Начните с инокуляции контрольных и рекомбинационных штаммов дрожжей из планшетов YPD в пять миллилитров среды YPR и выращивайте культуру в течение ночи при 30 градусах Цельсия и 200 оборотах в минуту. Затем масштабируйте культуру, введя два миллилитра в 100 миллилитров свежей среды YPR и вырастив ее в течение ночи при температуре 30 градусов Цельсия и 200 оборотах в минуту.

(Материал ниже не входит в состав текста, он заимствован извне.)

(* Let $A\in\mathbf{R}^{n\times n}$, $C_j\in\mathbf{R}^{m_j\times n}$ ($j=1,\ldots,N$), $H\in\mathbf{R}^{p\times n}$, and let $\mathcal{L}$ be the Laplacian of a directed graph $\mathbf{G}$ on $N$ nodes which has a spanning tree with root node $i$. Set $\bar A=I_N\otimes A$, $\bar C=\mathrm{diag}[C_1,\ldots,C_N]$, $\bar H=\mathcal{L}\otimes H$. Suppose $(C_i,A)$ is detectable and $\mathcal{O}_H\cap\mathcal{C}_j=\{0\}$ for all $j=1,\ldots,N$, where $\mathcal{C}_j$ is the undetectable subspace of $(C_j,A)$ and $\mathcal{O}_H=\bigcap_{l=1}^n\operatorname{Ker}(HA^{l-1})$. Then the pair $\left(\begin{bmatrix}\bar C\\ \bar H\end{bmatrix},\bar A\right)$ is detectable.
   Context: Directed graph on $\{1,\ldots,N\}$ without self-loops; adjacency matrix $\mathbf{A}=[\mathbf{a}_{kl}]$ with $\mathbf{a}_{kl}=1$ if there is an edge from $l$ to $k$, else $0$; $p_k$ the in-degree of node $k$; Laplacian $\mathcal{L}=\mathrm{diag}[p_1,\ldots,p_N]-\mathbf{A}$. A spanning tree rooted at $i$ is a directed tree containing all nodes in which every node is reachable from $i$ by a directed path. For a square matrix $F$ with minimal polynomial $\alpha_F=\alpha_F^-\alpha_F^+$ (zeros of $\alpha_F^-$ in the open left half-plane, of $\alpha_F^+$ in the closed right half-plane), the undetectable subspace of $(G,F)$ is $\bigcap_{l=1}^n\operatorname{Ker}(GF^{l-1})\cap\operatorname{Ker}\alpha_F^+(F)$; the pair is detectable iff this subspace is $\{0\}$. *)

theory Defs
  imports Complex_Main "HOL-Computational_Algebra.Polynomial" "Jordan_Normal_Form.Matrix"
begin

definition kron :: "'a::times mat \<Rightarrow> 'a mat \<Rightarrow> 'a mat" where
  "kron P Q = mat (dim_row P * dim_row Q) (dim_col P * dim_col Q)
     (\<lambda>(r, c). P $$ (r div dim_row Q, c div dim_col Q) * Q $$ (r mod dim_row Q, c mod dim_col Q))"

text \<open>Vertical stacking [P; Q] (P and Q are assumed to have the same number of columns).\<close>
definition vstack :: "'a mat \<Rightarrow> 'a mat \<Rightarrow> 'a mat" where
  "vstack P Q = mat (dim_row P + dim_row Q) (dim_col P)
     (\<lambda>(r, c). if r < dim_row P then P $$ (r, c) else Q $$ (r - dim_row P, c))"

definition poly_mat :: "'a::comm_ring_1 poly \<Rightarrow> 'a mat \<Rightarrow> 'a mat" where
  "poly_mat q F = foldr (\<lambda>k M. coeff q k \<cdot>\<^sub>m (F ^\<^sub>m k) + M) [0..<Suc (degree q)]
                      (0\<^sub>m (dim_row F) (dim_row F))"

definition min_poly :: "real mat \<Rightarrow> real poly" where
  "min_poly F = (THE q. lead_coeff q = 1 \<and> poly_mat q F = 0\<^sub>m (dim_row F) (dim_row F) \<and>
     (\<forall>r. r \<noteq> 0 \<and> poly_mat r F = 0\<^sub>m (dim_row F) (dim_row F) \<longrightarrow> degree q \<le> degree r))"

definition alpha_plus :: "real mat \<Rightarrow> complex poly" where
  "alpha_plus F = (let q = map_poly complex_of_real (min_poly F) in
     (\<Prod>z \<in> {z. poly q z = 0 \<and> Re z \<ge> 0}. [:- z, 1:] ^ order z q))"

definition undetectable_subspace :: "real mat \<Rightarrow> real mat \<Rightarrow> real vec set" where
  "undetectable_subspace G F = {x \<in> carrier_vec (dim_row F).
     (\<forall>l \<in> {1..dim_row F}. (G * F ^\<^sub>m (l - 1)) *\<^sub>v x = 0\<^sub>v (dim_row G)) \<and>
     poly_mat (alpha_plus F) (map_mat complex_of_real F) *\<^sub>v map_vec complex_of_real x
        = 0\<^sub>v (dim_row F)}"

definition detectable :: "real mat \<Rightarrow> real mat \<Rightarrow> bool" where
  "detectable G F \<longleftrightarrow> undetectable_subspace G F = {0\<^sub>v (dim_row F)}"

definition unobservable_subspace :: "real mat \<Rightarrow> real mat \<Rightarrow> real vec set" where
  "unobservable_subspace H F = {x \<in> carrier_vec (dim_row F).
     \<forall>l \<in> {1..dim_row F}. (H * F ^\<^sub>m (l - 1)) *\<^sub>v x = 0\<^sub>v (dim_row H)}"

text \<open>Nodes are 0..N-1; (l,k) \<in> E means an edge from l to k.\<close>
definition adjacency :: "nat \<Rightarrow> (nat \<times> nat) set \<Rightarrow> real mat" where
  "adjacency N E = mat N N (\<lambda>(k, l). if (l, k) \<in> E then 1 else 0)"

definition in_degree :: "nat \<Rightarrow> (nat \<times> nat) set \<Rightarrow> nat \<Rightarrow> nat" where
  "in_degree N E k = card {l \<in> {0..<N}. (l, k) \<in> E}"

definition laplacian :: "nat \<Rightarrow> (nat \<times> nat) set \<Rightarrow> real mat" where
  "laplacian N E = mat N N (\<lambda>(k, l). if k = l then real (in_degree N E k) else 0)
                   - adjacency N E"

definition has_spanning_tree :: "nat \<Rightarrow> (nat \<times> nat) set \<Rightarrow> nat \<Rightarrow> bool" where
  "has_spanning_tree N E i \<longleftrightarrow> i < N \<and> (\<exists>T \<subseteq> E.
     (\<forall>l. (l, i) \<notin> T) \<and>
     (\<forall>k < N. k \<noteq> i \<longrightarrow> (\<exists>!l. (l, k) \<in> T)) \<and>
     (\<forall>k < N. (i, k) \<in> T\<^sup>*))"

end

theory Submission
  imports Defs
begin

text \<open>Split a state x of the networked system into its node blocks x_1, ..., x_N. Since
  I_N \<otimes> A acts blockwise and has the same minimal polynomial as A, an undetectable x has every
  block x_j undetectable for (C_j, A), and for each l the vectors y_j = H A^l x_j satisfy
  (\<L> \<otimes> I) y = 0. Detectability of (C_i, A) gives x_i = 0. By a maximum principle, the kernel of
  a Laplacian whose graph has a spanning tree consists of constant vectors, so y_j = y_i = 0 for
  all j; hence x_j lies in O_H \<inter> C_j = {0}.\<close>

definition vec_block :: "nat \<Rightarrow> nat \<Rightarrow> 'a vec \<Rightarrow> 'a vec" where
  "vec_block n j z = vec n (\<lambda>t. z $ (j * n + t))"

lemma vec_block_carrier [simp]:
  "vec_block n j z \<in> carrier_vec n" "dim_vec (vec_block n j z) = n"
  by (auto simp: vec_block_def)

Для каждого штамма раздайте 1 800 миллилитров автоклавной дрожжевой пептонной среды и 200 миллилитров автоклавного 20%-ного раствора рафинозы в две 5-литровые колбы Эрленмейера.
Инокулируйте каждый штамм дрожжей с оптической плотностью 0,2 при 600 нанометрах в соответствующей среде и инкубируйте в течение примерно шести часов при 200 об/мин или до тех пор, пока клетки не достигнут желаемой оптической плотности 1,0. Добавьте 200 миллилитров 2%-ной галактозы и 110 микролитров дрожжевого фактора спаривания альфа или YMFA одновременно, чтобы арестовать клетки в фазе G1, и инкубируйте его в течение двух часов. Перелейте клеточную суспензию в литровые ведра центрифуги и центрифугируйте ведро при температуре 6 000 G и четырех градусах Цельсия в течение 10 минут.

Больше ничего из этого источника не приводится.